Supplied material —
lemma commutator_weight: "v \<in> V m \<Longrightarrow> E (F v) - F (E v) = weight m *s v"
  unfolding weight_def by (rule commutator)

sublocale E: Vector_Spaces.linear scale scale E
  by (rule linear_E)

sublocale F: Vector_Spaces.linear scale scale F
  by (rule linear_F)

lemma E_pow_zero [simp]: "(E ^^ k) 0 = 0"
  by (induction k) simp_all

lemma E_pow_add: "(E ^^ k) (v + w) = (E ^^ k) v + (E ^^ k) w"
  by (induction k) (simp_all add: E.add)

lemma E_pow_diff: "(E ^^ k) (v - w) = (E ^^ k) v - (E ^^ k) w"
  by (induction k) (simp_all add: E.diff)

lemma E_pow_scale: "(E ^^ k) (c *s v) = c *s (E ^^ k) v"
  by (induction k) (simp_all add: E.scale)

lemma E_pow_mem: "v \<in> V m \<Longrightarrow> (E ^^ k) v \<in> V (m + k)"
  by (induction k) (simp_all add: E_mem)

lemma F_pow_mem: "v \<in> V m \<Longrightarrow> (F ^^ k) v \<in> V (m - k)"
proof (induction k)
  case (Suc k)
  then show ?case
    using F_mem[OF Suc.IH] by simp
qed simp

lemma F_pow_eq_0: "v \<in> V m \<Longrightarrow> m < k \<Longrightarrow> (F ^^ k) v = 0"
proof (induction k)
  case (Suc k)
  then show ?case
    using F_pow_mem[of v m k] F_bottom by (cases "m < k") auto
qed simp

lemma F_E_pow:
  assumes v: "v \<in> V m"
  shows "F ((E ^^ Suc j) v)
    = (E ^^ Suc j) (F v) - (of_nat (Suc j) * (weight m + of_nat j)) *s (E ^^ j) v"
proof (induction j)
  case 0
  then show ?case using commutator_weight[OF v] by (simp add: algebra_simps)
next
  case (Suc j)
  let ?u = "(E ^^ Suc j) v"
  have "F (E ?u) = E (F ?u) - weight (m + Suc j) *s ?u"
    using commutator_weight[OF E_pow_mem[OF v, of "Suc j"]] by (simp add: algebra_simps)
  also have "E (F ?u) = (E ^^ Suc (Suc j)) (F v) - (of_nat (Suc j) * (weight m + of_nat j)) *s ?u"
    unfolding Suc.IH by (simp add: E.diff E.scale)
  finally have "F (E ?u) = (E ^^ Suc (Suc j)) (F v)
      - (of_nat (Suc j) * (weight m + of_nat j) + weight (m + Suc j)) *s ?u"
    by (simp add: scale_left_distrib diff_diff_eq)
  moreover have "of_nat (Suc j) * (weight m + of_nat j) + weight (m + Suc j)
      = of_nat (Suc (Suc j)) * (weight m + of_nat (Suc j))"
    using weight_add[of m "Suc j"] by (simp add: algebra_simps)
  ultimately show ?case by simp
qed

lemma E_F_pow_primitive:
  assumes u: "u \<in> V m" and Eu: "E u = 0"
  shows "E ((F ^^ Suc t) u) = (of_nat (Suc t) * (weight m - of_nat t)) *s (F ^^ t) u"
proof (induction t)
  case 0
  then show ?case using commutator_weight[OF u] Eu by simp
next
  case (Suc t)
  let ?z = "(F ^^ Suc t) u"
  show ?case
  proof (cases "Suc t \<le> m")
    case True
    have "E (F ?z) = F (E ?z) + weight (m - Suc t) *s ?z"
      using commutator_weight[OF F_pow_mem[OF u, of "Suc t"]] by (simp add: algebra_simps)
    also have "F (E ?z) = (of_nat (Suc t) * (weight m - of_nat t)) *s ?z"
      unfolding Suc.IH by (simp add: F.scale)
    also have "weight (m - Suc t) = weight m - 2 * of_nat (Suc t)"
      using weight_add[of "m - Suc t" "Suc t"] True by simp
    finally have "E (F ?z)
        = (of_nat (Suc t) * (weight m - of_nat t) + (weight m - 2 * of_nat (Suc t))) *s ?z"
      by (simp add: scale_left_distrib)
    then show ?thesis by (simp add: algebra_simps)
  next
    case False
    then show ?thesis using F_pow_eq_0[OF u, of "Suc t"] F_pow_eq_0[OF u, of "Suc (Suc t)"] by simp
  qed
qed

lemma E_pow_F_pow_primitive:
  assumes u: "u \<in> V m" and Eu: "E u = 0"
  shows "(E ^^ j) ((F ^^ j) u) = (\<Prod>t<j. of_nat (Suc t) * (weight m - of_nat t)) *s u"
proof (induction j)
  case (Suc j)
  have "(E ^^ Suc j) ((F ^^ Suc j) u) = (E ^^ j) (E ((F ^^ Suc j) u))"
    by (simp only: funpow_Suc_right comp_apply)
  also have "\<dots> = (of_nat (Suc j) * (weight m - of_nat j)) *s (E ^^ j) ((F ^^ j) u)"
    unfolding E_F_pow_primitive[OF u Eu] by (rule E_pow_scale)
  finally show ?case
    unfolding Suc.IH by (simp add: algebra_simps)
qed simp

text \<open>If \<open>E\<^bsup>j+1\<^esup> v = 0\<close>, commuting \<open>F\<close> past \<open>E\<^bsup>j+1\<^esup>\<close> gives \<open>E\<^bsup>j+1\<^esup> (F v) = c E\<^sup>j v\<close> with \<open>c \<noteq> 0\<close>;
  then \<open>E\<^bsup>j+2\<^esup>\<close> kills \<open>F v\<close>, which has lower degree, so \<open>F v = 0\<close> and hence \<open>E\<^sup>j v = 0\<close>.\<close>

lemma E_pow_inj:
  assumes "v \<in> V m" and "2 * m + j \<le> D" and "(E ^^ j) v = 0"
  shows "v = 0"
  using assms
proof (induction m arbitrary: j v rule: less_induct)
  case (less m)
  from less.prems show ?case
  proof (induction j arbitrary: v)
    case (Suc j)
    define c where "c = of_nat (Suc j) * (weight m + of_nat j)"
    have EFv: "(E ^^ Suc j) (F v) = c *s (E ^^ j) v"
      using F_E_pow[OF \<open>v \<in> V m\<close>, of j] Suc.prems(3) by (simp add: c_def)
    then have EEFv: "(E ^^ Suc (Suc j)) (F v) = 0"
      using Suc.prems(3) by (simp add: E.scale)
    have "F v = 0"
    proof (cases m)
      case 0
      then show ?thesis using F_bottom \<open>v \<in> V m\<close> by simp
    next
      case (Suc m')
      then show ?thesis
        using less.IH[of m' "F v" "Suc (Suc j)"] F_mem[OF \<open>v \<in> V m\<close>] Suc.prems(2) EEFv
        by simp
    qed
    have "c \<noteq> 0"
      using Suc.prems(2) weight_add_of_int_eq_0_iff[of m "int j"]
      by (simp add: c_def del: of_nat_Suc)
    with EFv \<open>F v = 0\<close> have "(E ^^ j) v = 0"
      by simp
    then show ?case
      using Suc.IH Suc.prems by simp
  qed simp
qed

text \<open>Downward induction on the degree: \<open>E u = E\<^bsup>j+1\<^esup> y\<close> by induction, so \<open>u - E\<^sup>j y\<close> is killed by \<open>E\<close>,
  and on such vectors \<open>E\<^sup>j F\<^sup>j\<close> is multiplication by a nonzero scalar.\<close>

lemma E_pow_surj:
  assumes "u \<in> V m" and "D + j \<le> 2 * m"
  shows "\<exists>y\<in>V (m - j). (E ^^ j) y = u"
  using assms
proof (induction m arbitrary: j u rule: measure_induct_rule[where f="\<lambda>m. Suc D - m"])
  case (less m)
  show ?case
  proof (cases "D < m")
    case True
    then have "u = 0"
      using V_above_top less.prems(1) by blast
    then show ?thesis
      using subspace_0[OF subspace_V] by force
  next
    case False
    then have "j \<le> m"
      using less.prems(2) by simp
    obtain y where y: "y \<in> V (m - j)" and Ey: "(E ^^ Suc j) y = E u"
    proof -
      have "Suc D - Suc m < Suc D - m" and "D + Suc j \<le> 2 * Suc m"
        using False less.prems(2) by simp_all
      then show thesis
        using less.IH[of "Suc m" "E u" "Suc j"] E_mem[OF less.prems(1)] that by auto
    qed
    define u' where "u' = u - (E ^^ j) y"
    have "(E ^^ j) y \<in> V m"
      using E_pow_mem[OF y, of j] \<open>j \<le> m\<close> by simp
    then have u': "u' \<in> V m"
      unfolding u'_def using less.prems(1) subspace_diff[OF subspace_V] by blast
    have Eu': "E u' = 0"
      unfolding u'_def using Ey by (simp add: E.diff)
    define P where "P = (\<Prod>t<j. of_nat (Suc t) * (weight m - of_nat t) :: 'a)"
    have "weight m - of_nat t \<noteq> 0" if "t < j" for t
      using weight_add_of_int_eq_0_iff[of m "- int t"] that less.prems(2) by simp
    then have "P \<noteq> 0"
      unfolding P_def by (simp del: of_nat_Suc)
    define y' where "y' = inverse P *s (F ^^ j) u'"
    have "(E ^^ j) y' = u'"
      using E_pow_F_pow_primitive[OF u' Eu'] \<open>P \<noteq> 0\<close> by (simp add: y'_def E_pow_scale P_def)
    moreover have "y' \<in> V (m - j)"
      unfolding y'_def using subspace_scale[OF subspace_V] F_pow_mem[OF u'] by blast
    ultimately show ?thesis
      using y subspace_add[OF subspace_V]
      by (intro bexI[of _ "y + y'"]) (simp_all add: E_pow_add u'_def)
  qed
qed

end

section \<open>The monomial complete intersection as an \<open>sl\<^sub>2\<close>-module\<close>

lemma lookup_add_single:
  "Poly_Mapping.lookup (b + Poly_Mapping.single i c) j
    = Poly_Mapping.lookup b j + (if i = j then c else 0)"
  for b :: "'n \<Rightarrow>\<^sub>0 nat"
  by (simp add: lookup_add lookup_single when_def)

lemma lookup_diff_single:
  "Poly_Mapping.lookup (b - Poly_Mapping.single i c) j
    = Poly_Mapping.lookup b j - (if i = j then c else 0)"
  for b :: "'n \<Rightarrow>\<^sub>0 nat"
  by (simp add: lookup_minus lookup_single when_def)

Try it — Please copy, word for word, every line from the first line of the records through the line containing "m \<Longrightarrow> (F", with both of those lines included and nothing else.

Your solution —
lemma commutator_weight: "v \<in> V m \<Longrightarrow> E (F v) - F (E v) = weight m *s v"
  unfolding weight_def by (rule commutator)

sublocale E: Vector_Spaces.linear scale scale E
  by (rule linear_E)

sublocale F: Vector_Spaces.linear scale scale F
  by (rule linear_F)

lemma E_pow_zero [simp]: "(E ^^ k) 0 = 0"
  by (induction k) simp_all

lemma E_pow_add: "(E ^^ k) (v + w) = (E ^^ k) v + (E ^^ k) w"
  by (induction k) (simp_all add: E.add)

lemma E_pow_diff: "(E ^^ k) (v - w) = (E ^^ k) v - (E ^^ k) w"
  by (induction k) (simp_all add: E.diff)

lemma E_pow_scale: "(E ^^ k) (c *s v) = c *s (E ^^ k) v"
  by (induction k) (simp_all add: E.scale)

lemma E_pow_mem: "v \<in> V m \<Longrightarrow> (E ^^ k) v \<in> V (m + k)"
  by (induction k) (simp_all add: E_mem)

lemma F_pow_mem: "v \<in> V m \<Longrightarrow> (F ^^ k) v \<in> V (m - k)"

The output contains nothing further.